■ **TASK TO COMPLETE**
What you return must be every line below that includes the word "difference".

Collected data:
_ _ _ _
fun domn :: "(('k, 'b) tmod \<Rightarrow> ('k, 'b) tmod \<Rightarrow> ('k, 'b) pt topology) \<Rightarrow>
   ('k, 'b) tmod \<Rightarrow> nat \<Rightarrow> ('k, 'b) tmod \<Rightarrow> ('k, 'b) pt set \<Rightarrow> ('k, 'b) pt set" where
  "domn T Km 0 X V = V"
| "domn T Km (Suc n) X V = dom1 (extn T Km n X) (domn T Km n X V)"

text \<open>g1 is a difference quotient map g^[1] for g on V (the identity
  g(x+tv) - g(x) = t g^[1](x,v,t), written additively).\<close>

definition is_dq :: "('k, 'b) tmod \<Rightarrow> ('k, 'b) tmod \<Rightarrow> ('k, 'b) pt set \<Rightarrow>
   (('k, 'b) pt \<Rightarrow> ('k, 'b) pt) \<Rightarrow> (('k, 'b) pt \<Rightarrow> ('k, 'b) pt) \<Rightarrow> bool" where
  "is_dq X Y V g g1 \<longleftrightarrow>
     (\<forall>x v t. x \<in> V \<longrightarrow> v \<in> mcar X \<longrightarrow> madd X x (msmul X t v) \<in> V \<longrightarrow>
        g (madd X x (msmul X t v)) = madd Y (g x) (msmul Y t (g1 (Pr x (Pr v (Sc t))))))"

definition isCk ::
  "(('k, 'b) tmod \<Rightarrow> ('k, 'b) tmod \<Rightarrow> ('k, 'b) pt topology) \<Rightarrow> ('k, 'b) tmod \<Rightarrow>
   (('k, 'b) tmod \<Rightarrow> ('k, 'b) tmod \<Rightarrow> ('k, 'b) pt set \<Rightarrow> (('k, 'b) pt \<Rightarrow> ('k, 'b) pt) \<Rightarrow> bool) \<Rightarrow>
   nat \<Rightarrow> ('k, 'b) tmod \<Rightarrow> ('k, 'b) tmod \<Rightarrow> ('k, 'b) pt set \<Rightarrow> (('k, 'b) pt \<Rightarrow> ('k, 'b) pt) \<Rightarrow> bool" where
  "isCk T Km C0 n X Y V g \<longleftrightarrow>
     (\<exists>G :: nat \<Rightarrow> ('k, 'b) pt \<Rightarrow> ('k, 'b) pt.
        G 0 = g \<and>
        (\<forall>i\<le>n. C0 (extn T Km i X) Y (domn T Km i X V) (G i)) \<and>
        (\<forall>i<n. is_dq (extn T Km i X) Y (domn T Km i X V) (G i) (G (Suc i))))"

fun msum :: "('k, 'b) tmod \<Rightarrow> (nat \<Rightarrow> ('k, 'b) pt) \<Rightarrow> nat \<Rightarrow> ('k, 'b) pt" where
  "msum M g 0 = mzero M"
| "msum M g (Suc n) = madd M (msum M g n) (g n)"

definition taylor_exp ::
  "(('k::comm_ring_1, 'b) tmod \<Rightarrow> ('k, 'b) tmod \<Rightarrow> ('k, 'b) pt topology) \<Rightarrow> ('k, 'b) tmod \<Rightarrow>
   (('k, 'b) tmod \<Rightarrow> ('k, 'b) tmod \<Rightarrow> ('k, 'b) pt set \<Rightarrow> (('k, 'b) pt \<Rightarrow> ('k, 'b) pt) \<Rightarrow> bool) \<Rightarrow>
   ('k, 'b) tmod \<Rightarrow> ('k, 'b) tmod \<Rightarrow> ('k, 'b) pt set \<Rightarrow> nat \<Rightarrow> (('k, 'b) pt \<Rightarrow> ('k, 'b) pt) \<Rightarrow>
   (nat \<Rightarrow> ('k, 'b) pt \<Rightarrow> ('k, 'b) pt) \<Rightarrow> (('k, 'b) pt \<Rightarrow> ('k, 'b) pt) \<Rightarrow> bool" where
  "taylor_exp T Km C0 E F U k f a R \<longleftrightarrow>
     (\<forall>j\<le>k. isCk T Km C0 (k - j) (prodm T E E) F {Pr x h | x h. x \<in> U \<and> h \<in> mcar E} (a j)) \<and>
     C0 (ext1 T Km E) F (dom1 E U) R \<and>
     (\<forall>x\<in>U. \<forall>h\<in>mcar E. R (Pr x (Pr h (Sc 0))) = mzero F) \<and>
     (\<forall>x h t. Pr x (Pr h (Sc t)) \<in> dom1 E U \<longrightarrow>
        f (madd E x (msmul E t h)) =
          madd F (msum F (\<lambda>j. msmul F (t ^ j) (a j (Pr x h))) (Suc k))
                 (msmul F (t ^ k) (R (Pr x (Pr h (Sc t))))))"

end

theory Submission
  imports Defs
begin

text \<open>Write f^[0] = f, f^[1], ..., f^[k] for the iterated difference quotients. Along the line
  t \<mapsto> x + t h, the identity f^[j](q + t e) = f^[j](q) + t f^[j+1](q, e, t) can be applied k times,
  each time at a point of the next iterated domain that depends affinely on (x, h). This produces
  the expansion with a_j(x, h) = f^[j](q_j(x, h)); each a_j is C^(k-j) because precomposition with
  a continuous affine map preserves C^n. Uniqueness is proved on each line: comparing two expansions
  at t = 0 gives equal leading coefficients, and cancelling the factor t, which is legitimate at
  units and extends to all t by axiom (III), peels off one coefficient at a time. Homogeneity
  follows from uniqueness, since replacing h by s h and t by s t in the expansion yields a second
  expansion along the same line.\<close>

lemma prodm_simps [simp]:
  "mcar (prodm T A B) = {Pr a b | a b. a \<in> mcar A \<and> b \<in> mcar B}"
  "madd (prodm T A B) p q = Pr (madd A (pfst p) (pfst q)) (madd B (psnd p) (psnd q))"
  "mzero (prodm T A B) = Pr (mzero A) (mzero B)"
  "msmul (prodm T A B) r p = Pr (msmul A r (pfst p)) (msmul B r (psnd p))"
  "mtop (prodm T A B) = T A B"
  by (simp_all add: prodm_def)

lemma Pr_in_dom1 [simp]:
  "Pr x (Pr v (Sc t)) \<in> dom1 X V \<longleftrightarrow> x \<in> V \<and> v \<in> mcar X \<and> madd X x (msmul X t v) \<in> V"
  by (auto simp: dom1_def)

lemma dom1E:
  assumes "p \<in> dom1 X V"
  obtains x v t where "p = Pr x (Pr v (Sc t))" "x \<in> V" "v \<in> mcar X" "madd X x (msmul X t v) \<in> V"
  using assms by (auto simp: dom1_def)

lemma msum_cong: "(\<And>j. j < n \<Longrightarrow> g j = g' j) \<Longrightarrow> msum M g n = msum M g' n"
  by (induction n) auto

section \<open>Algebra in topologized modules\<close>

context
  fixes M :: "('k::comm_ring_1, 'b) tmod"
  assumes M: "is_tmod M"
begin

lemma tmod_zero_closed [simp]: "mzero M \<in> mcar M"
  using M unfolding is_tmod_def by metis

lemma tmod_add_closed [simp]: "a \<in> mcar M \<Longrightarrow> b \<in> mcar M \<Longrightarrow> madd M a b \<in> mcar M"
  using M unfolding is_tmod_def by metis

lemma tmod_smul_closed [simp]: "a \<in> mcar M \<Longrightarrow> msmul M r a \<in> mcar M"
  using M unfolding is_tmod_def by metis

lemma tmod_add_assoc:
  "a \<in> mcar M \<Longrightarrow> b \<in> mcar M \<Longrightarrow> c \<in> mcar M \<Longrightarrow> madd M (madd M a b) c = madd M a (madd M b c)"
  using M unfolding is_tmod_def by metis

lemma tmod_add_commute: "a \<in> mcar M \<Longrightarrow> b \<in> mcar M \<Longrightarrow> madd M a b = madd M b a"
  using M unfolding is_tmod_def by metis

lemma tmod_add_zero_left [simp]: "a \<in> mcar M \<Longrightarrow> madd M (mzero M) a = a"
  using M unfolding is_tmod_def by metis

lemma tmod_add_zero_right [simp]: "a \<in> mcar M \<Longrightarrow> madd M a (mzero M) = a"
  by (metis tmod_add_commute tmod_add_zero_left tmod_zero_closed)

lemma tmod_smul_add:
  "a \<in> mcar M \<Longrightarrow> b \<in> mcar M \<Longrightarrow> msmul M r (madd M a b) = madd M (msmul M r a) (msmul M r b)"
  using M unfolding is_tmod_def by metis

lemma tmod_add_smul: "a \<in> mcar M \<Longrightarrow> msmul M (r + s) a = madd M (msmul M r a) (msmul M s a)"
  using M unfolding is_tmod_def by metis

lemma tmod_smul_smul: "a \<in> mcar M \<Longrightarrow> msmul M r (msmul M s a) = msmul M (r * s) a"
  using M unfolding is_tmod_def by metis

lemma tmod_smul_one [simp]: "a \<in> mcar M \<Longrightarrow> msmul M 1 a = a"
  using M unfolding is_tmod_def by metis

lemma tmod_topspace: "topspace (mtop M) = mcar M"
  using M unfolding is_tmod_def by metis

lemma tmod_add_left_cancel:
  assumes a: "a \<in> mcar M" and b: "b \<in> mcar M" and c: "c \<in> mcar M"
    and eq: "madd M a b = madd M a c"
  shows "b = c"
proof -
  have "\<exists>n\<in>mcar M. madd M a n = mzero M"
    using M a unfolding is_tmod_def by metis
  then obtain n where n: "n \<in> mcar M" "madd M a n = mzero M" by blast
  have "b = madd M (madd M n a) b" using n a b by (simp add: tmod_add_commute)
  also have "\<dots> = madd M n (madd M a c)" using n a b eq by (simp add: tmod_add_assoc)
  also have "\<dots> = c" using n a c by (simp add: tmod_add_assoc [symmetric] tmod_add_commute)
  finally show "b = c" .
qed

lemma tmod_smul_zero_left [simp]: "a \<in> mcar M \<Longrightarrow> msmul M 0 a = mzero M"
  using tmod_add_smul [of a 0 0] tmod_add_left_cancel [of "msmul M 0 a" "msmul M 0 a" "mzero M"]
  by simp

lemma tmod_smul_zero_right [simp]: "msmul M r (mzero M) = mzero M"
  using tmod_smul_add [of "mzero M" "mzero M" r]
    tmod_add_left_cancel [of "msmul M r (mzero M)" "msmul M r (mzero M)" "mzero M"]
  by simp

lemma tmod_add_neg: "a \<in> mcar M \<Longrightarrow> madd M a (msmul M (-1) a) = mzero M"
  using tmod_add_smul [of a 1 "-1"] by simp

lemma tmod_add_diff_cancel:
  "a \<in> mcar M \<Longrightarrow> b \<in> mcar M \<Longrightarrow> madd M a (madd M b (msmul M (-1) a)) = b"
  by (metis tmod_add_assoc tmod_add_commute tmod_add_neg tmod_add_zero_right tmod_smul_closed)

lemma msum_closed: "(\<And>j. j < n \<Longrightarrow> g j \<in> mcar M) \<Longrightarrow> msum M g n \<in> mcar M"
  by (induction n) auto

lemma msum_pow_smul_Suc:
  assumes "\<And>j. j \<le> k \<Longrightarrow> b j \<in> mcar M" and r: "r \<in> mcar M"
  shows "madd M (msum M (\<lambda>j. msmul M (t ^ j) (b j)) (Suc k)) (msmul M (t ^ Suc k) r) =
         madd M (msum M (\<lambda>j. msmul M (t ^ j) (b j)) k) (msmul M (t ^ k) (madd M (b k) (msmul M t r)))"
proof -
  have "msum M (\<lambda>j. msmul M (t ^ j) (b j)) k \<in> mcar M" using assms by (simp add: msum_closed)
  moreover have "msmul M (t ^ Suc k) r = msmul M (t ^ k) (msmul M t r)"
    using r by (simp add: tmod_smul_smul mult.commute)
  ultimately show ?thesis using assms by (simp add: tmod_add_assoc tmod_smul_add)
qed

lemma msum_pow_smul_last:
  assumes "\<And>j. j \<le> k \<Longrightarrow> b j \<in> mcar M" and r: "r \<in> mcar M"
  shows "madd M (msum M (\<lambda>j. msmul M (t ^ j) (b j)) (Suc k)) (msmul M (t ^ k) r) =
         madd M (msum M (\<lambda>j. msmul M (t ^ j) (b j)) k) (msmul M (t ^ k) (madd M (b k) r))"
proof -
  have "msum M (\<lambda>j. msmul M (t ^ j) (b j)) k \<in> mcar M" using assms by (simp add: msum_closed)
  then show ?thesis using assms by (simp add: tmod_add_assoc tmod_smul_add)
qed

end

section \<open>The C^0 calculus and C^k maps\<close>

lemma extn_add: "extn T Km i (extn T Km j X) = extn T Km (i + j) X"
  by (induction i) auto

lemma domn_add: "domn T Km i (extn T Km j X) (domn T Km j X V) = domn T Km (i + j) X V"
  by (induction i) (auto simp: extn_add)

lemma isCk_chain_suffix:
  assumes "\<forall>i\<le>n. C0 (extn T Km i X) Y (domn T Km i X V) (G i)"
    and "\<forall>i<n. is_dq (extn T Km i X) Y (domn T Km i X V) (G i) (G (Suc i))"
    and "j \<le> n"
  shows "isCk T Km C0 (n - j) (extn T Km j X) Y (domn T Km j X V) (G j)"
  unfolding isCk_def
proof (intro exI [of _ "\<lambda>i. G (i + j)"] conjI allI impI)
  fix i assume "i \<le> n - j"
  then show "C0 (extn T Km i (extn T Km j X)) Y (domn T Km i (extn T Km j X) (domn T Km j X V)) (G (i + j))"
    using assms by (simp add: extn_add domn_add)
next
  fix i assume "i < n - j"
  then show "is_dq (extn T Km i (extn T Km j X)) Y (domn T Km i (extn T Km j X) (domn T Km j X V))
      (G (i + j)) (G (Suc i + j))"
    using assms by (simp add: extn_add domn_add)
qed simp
_ _ _ _
■ **YOUR SOLUTION**
text \<open>g1 is a difference quotient map g^[1] for g on V (the identity
text \<open>Write f^[0] = f, f^[1], ..., f^[k] for the iterated difference quotients. Along the line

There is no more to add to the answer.